*** Input records ***

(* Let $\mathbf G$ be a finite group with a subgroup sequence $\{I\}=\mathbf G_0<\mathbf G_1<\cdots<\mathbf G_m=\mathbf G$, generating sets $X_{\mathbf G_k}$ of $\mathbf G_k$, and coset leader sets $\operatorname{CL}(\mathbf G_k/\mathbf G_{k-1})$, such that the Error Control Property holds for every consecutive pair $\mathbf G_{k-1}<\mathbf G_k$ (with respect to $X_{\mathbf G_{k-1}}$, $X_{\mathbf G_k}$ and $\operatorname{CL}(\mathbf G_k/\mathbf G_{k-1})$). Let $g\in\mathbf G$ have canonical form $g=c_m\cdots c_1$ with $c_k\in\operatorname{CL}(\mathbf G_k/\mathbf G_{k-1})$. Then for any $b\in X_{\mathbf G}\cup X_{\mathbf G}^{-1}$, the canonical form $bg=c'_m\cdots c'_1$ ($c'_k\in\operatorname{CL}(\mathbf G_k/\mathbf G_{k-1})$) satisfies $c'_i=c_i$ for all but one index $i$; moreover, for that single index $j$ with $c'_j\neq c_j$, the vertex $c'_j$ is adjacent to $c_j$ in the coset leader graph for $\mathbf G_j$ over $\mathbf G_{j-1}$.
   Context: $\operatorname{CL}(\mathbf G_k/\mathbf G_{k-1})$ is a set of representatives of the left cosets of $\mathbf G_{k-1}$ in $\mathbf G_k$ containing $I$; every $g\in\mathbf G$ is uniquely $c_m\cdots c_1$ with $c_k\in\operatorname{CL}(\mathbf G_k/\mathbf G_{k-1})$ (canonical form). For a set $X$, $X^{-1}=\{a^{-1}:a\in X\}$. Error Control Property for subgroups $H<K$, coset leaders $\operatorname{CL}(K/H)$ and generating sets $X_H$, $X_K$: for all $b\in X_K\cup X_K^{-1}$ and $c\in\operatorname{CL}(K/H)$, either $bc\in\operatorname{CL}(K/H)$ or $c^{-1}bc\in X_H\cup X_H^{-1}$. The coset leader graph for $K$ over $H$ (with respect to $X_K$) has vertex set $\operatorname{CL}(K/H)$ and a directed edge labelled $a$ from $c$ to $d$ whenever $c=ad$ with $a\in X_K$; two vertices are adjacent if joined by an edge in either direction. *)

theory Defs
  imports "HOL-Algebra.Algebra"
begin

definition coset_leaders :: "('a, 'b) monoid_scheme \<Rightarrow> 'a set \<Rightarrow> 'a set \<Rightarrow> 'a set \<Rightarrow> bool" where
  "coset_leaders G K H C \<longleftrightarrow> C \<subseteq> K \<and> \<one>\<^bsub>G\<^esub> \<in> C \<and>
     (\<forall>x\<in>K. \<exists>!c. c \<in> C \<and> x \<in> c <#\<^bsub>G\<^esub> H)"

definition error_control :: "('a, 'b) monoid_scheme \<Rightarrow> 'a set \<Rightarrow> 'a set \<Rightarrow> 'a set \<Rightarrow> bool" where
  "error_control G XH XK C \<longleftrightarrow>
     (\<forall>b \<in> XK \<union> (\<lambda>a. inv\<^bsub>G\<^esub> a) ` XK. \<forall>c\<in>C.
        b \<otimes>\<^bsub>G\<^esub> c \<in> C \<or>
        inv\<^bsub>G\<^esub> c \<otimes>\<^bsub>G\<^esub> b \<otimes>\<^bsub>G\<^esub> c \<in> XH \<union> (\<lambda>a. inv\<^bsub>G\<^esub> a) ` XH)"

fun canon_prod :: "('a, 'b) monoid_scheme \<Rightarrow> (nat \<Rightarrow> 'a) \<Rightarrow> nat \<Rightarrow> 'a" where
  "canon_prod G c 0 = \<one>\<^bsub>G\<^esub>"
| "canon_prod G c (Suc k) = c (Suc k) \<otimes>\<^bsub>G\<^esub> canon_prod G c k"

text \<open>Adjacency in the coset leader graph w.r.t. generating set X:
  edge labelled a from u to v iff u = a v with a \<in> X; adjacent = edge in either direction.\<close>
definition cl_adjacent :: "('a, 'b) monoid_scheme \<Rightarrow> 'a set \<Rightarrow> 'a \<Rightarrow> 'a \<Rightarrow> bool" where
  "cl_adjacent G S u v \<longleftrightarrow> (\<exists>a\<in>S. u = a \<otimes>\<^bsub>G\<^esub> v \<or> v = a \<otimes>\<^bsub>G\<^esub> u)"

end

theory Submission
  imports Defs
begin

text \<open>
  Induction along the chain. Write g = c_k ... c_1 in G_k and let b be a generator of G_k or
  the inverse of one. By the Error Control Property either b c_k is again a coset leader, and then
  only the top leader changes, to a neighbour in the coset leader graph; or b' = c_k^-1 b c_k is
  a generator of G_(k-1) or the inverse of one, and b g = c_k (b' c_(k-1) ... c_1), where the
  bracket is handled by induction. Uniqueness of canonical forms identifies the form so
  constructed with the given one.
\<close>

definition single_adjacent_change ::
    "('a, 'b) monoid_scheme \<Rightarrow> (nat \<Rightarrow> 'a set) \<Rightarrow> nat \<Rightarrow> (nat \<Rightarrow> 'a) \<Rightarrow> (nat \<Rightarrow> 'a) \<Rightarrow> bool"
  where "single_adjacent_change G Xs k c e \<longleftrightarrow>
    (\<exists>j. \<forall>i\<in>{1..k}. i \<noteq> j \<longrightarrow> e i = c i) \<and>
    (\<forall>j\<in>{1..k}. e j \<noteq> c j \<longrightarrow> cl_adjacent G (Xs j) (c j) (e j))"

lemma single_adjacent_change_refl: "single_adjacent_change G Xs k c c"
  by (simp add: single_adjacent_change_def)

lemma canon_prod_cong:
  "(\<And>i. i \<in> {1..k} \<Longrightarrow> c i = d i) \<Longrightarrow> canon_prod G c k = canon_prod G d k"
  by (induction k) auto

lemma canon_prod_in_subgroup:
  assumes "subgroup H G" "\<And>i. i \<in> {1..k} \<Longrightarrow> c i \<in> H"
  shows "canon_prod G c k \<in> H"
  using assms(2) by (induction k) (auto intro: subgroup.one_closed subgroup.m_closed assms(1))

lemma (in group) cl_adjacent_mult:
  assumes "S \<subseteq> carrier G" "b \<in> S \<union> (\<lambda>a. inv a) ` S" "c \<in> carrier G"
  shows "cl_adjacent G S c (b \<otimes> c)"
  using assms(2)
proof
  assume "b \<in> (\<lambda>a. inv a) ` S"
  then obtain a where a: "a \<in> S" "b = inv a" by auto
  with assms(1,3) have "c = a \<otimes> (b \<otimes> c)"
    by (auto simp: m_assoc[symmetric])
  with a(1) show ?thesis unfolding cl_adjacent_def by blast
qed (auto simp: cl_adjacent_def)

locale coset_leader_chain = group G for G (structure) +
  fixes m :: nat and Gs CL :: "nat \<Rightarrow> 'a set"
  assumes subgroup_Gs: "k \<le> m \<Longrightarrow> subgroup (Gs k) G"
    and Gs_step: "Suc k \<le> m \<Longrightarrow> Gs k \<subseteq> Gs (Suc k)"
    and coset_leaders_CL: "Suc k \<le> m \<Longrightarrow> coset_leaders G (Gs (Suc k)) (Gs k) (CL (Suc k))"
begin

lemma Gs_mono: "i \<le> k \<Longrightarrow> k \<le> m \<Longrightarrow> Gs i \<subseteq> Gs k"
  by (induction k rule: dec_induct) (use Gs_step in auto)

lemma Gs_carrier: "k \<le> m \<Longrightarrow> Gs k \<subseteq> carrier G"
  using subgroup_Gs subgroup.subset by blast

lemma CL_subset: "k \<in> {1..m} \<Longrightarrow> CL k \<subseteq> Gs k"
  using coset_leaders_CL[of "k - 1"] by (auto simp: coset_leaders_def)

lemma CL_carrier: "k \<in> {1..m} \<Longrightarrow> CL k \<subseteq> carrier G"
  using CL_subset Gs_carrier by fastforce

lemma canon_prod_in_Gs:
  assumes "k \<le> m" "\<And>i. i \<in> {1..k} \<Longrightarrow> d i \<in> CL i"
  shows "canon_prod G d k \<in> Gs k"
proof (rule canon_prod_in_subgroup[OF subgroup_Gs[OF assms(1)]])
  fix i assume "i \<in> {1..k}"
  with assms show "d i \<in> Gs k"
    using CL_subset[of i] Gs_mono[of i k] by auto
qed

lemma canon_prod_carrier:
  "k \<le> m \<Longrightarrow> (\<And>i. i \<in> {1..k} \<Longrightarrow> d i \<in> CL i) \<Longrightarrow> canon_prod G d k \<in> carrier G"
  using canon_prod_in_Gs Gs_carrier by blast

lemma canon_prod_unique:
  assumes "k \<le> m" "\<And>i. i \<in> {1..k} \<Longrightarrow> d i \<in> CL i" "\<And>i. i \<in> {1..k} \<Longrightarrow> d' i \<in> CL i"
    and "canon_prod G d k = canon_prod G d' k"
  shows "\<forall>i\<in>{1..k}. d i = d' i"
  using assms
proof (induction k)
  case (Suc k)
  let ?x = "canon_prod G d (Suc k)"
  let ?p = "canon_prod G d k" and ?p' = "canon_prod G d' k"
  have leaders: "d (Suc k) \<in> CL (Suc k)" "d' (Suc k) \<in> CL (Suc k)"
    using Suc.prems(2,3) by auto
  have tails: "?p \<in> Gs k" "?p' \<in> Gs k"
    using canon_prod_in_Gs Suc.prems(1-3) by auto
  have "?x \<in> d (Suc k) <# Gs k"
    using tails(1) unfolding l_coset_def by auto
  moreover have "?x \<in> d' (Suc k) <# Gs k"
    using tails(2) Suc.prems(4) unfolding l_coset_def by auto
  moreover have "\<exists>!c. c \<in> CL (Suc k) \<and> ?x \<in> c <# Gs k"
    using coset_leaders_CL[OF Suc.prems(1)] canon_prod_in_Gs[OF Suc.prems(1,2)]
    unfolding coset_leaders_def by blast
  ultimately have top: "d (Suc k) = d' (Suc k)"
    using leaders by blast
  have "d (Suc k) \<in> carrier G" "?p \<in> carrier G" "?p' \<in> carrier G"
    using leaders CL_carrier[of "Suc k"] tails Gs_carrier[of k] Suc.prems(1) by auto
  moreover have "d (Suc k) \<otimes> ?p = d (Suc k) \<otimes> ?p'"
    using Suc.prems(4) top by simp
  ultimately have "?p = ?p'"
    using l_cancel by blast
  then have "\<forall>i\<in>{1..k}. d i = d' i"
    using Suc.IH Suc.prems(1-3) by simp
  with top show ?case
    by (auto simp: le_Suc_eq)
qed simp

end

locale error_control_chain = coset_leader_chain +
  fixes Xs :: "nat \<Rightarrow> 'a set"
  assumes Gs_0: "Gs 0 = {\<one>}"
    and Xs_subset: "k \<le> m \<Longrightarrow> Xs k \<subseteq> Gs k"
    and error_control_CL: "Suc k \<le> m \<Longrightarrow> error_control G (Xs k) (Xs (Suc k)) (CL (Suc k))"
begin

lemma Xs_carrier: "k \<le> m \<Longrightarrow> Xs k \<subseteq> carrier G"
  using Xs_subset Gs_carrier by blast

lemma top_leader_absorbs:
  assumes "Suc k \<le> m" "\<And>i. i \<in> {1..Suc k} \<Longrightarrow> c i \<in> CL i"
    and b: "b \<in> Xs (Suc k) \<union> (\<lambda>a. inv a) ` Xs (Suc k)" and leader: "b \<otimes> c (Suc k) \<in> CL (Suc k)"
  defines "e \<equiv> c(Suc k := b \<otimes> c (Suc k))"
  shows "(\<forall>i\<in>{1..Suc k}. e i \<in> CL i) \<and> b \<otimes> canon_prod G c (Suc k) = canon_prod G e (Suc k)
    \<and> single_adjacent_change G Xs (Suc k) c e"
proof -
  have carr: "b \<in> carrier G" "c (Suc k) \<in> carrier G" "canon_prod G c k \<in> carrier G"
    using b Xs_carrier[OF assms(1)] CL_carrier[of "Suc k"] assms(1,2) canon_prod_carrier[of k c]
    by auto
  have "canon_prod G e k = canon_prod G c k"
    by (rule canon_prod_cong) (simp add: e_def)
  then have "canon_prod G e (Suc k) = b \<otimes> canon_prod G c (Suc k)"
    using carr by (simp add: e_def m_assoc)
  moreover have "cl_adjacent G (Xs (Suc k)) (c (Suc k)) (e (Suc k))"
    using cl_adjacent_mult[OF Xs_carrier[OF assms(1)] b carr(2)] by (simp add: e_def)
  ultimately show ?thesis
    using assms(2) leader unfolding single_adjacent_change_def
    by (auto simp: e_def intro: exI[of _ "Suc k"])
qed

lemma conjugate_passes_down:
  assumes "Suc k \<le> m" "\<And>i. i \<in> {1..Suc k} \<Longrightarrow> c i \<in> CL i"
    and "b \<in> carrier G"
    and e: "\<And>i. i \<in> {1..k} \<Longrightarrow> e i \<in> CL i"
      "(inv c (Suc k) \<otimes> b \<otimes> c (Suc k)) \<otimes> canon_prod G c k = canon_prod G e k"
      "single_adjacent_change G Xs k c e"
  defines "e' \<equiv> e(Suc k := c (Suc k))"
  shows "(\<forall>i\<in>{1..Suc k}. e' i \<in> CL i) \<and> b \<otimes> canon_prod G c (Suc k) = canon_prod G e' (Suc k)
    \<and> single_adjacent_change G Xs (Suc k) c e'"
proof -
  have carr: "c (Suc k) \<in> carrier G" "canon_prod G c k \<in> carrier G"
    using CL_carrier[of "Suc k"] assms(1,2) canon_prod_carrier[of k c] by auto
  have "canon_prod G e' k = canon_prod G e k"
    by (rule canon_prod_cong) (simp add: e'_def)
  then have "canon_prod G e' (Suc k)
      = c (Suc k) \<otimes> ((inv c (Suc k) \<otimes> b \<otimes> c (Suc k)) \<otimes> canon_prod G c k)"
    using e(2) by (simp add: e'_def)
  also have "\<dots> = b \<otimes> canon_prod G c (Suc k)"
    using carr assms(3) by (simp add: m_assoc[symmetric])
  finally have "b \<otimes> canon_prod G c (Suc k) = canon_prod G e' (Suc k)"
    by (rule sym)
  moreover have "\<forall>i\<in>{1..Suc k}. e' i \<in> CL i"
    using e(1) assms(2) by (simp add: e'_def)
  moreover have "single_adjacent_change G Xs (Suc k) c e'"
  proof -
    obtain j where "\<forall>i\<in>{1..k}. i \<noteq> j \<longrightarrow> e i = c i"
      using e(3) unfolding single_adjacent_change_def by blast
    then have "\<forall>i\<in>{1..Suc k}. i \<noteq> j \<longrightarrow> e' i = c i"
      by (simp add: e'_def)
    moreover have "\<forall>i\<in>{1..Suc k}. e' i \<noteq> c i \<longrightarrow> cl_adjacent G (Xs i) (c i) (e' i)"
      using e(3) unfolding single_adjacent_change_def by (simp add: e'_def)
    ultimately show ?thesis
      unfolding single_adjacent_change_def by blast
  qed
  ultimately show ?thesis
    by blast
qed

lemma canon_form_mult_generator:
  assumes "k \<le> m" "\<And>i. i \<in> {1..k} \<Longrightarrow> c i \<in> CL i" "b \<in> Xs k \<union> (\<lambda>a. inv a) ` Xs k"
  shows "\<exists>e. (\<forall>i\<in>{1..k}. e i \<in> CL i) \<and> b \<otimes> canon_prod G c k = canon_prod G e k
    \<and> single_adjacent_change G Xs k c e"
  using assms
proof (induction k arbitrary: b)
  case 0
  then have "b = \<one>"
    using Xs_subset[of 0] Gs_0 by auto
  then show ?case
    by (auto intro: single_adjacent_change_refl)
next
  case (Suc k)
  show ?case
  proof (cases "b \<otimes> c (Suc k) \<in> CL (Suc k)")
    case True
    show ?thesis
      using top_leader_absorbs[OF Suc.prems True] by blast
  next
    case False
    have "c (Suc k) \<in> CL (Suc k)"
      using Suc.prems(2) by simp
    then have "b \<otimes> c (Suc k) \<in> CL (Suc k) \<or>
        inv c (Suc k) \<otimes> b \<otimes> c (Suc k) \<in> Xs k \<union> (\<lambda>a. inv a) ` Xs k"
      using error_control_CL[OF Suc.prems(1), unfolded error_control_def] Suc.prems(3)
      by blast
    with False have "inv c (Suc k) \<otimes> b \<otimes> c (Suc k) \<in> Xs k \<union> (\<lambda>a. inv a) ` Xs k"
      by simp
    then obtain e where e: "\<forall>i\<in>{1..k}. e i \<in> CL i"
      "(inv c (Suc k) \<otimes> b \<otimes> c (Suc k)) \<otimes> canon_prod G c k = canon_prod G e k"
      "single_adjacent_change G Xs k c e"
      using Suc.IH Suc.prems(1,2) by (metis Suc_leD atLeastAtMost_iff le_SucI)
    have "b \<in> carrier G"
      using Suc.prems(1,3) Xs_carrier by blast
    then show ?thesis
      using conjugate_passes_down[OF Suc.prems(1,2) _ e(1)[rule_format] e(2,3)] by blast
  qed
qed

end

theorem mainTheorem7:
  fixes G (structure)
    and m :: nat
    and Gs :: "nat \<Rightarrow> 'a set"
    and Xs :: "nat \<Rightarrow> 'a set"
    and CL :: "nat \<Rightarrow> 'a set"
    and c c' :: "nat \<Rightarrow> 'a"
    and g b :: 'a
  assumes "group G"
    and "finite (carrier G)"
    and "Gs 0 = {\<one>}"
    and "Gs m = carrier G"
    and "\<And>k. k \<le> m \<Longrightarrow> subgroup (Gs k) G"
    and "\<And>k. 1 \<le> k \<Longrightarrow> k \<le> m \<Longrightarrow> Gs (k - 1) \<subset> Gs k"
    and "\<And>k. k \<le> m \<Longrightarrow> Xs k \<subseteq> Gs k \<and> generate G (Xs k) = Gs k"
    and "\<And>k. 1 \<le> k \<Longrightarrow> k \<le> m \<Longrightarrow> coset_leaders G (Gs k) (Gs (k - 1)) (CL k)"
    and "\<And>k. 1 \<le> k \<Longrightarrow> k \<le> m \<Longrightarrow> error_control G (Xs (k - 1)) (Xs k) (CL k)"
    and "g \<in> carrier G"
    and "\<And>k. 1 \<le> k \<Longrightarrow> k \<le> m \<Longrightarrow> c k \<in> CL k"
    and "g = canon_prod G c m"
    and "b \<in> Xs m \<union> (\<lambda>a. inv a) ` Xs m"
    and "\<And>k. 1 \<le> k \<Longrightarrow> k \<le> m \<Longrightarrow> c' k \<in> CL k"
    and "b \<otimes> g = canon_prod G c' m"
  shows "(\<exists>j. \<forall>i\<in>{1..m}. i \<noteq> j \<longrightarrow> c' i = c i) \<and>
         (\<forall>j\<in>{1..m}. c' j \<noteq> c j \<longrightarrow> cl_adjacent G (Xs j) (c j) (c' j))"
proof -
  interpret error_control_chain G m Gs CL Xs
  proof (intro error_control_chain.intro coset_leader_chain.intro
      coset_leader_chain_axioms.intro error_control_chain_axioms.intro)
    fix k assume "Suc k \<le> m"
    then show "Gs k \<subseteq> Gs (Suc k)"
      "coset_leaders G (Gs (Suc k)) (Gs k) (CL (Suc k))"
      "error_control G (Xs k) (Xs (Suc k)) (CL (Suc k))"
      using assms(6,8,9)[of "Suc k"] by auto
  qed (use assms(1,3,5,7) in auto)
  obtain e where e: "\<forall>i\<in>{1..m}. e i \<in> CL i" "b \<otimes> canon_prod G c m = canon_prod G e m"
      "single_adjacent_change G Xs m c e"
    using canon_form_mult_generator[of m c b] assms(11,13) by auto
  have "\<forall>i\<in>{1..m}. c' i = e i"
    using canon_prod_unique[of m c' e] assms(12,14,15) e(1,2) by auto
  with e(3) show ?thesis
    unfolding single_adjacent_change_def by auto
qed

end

*** End of Input records ***

Among the records above, a stretch begins at the line containing "c(Suc k := b" and ends at the line containing "e(Suc k := c". Restate that stretch word for word, and nothing else.

  defines "e \<equiv> c(Suc k := b \<otimes> c (Suc k))"
  shows "(\<forall>i\<in>{1..Suc k}. e i \<in> CL i) \<and> b \<otimes> canon_prod G c (Suc k) = canon_prod G e (Suc k)
    \<and> single_adjacent_change G Xs (Suc k) c e"
proof -
  have carr: "b \<in> carrier G" "c (Suc k) \<in> carrier G" "canon_prod G c k \<in> carrier G"
    using b Xs_carrier[OF assms(1)] CL_carrier[of "Suc k"] assms(1,2) canon_prod_carrier[of k c]
    by auto
  have "canon_prod G e k = canon_prod G c k"
    by (rule canon_prod_cong) (simp add: e_def)
  then have "canon_prod G e (Suc k) = b \<otimes> canon_prod G c (Suc k)"
    using carr by (simp add: e_def m_assoc)
  moreover have "cl_adjacent G (Xs (Suc k)) (c (Suc k)) (e (Suc k))"
    using cl_adjacent_mult[OF Xs_carrier[OF assms(1)] b carr(2)] by (simp add: e_def)
  ultimately show ?thesis
    using assms(2) leader unfolding single_adjacent_change_def
    by (auto simp: e_def intro: exI[of _ "Suc k"])
qed

lemma conjugate_passes_down:
  assumes "Suc k \<le> m" "\<And>i. i \<in> {1..Suc k} \<Longrightarrow> c i \<in> CL i"
    and "b \<in> carrier G"
    and e: "\<And>i. i \<in> {1..k} \<Longrightarrow> e i \<in> CL i"
      "(inv c (Suc k) \<otimes> b \<otimes> c (Suc k)) \<otimes> canon_prod G c k = canon_prod G e k"
      "single_adjacent_change G Xs k c e"
  defines "e' \<equiv> e(Suc k := c (Suc k))"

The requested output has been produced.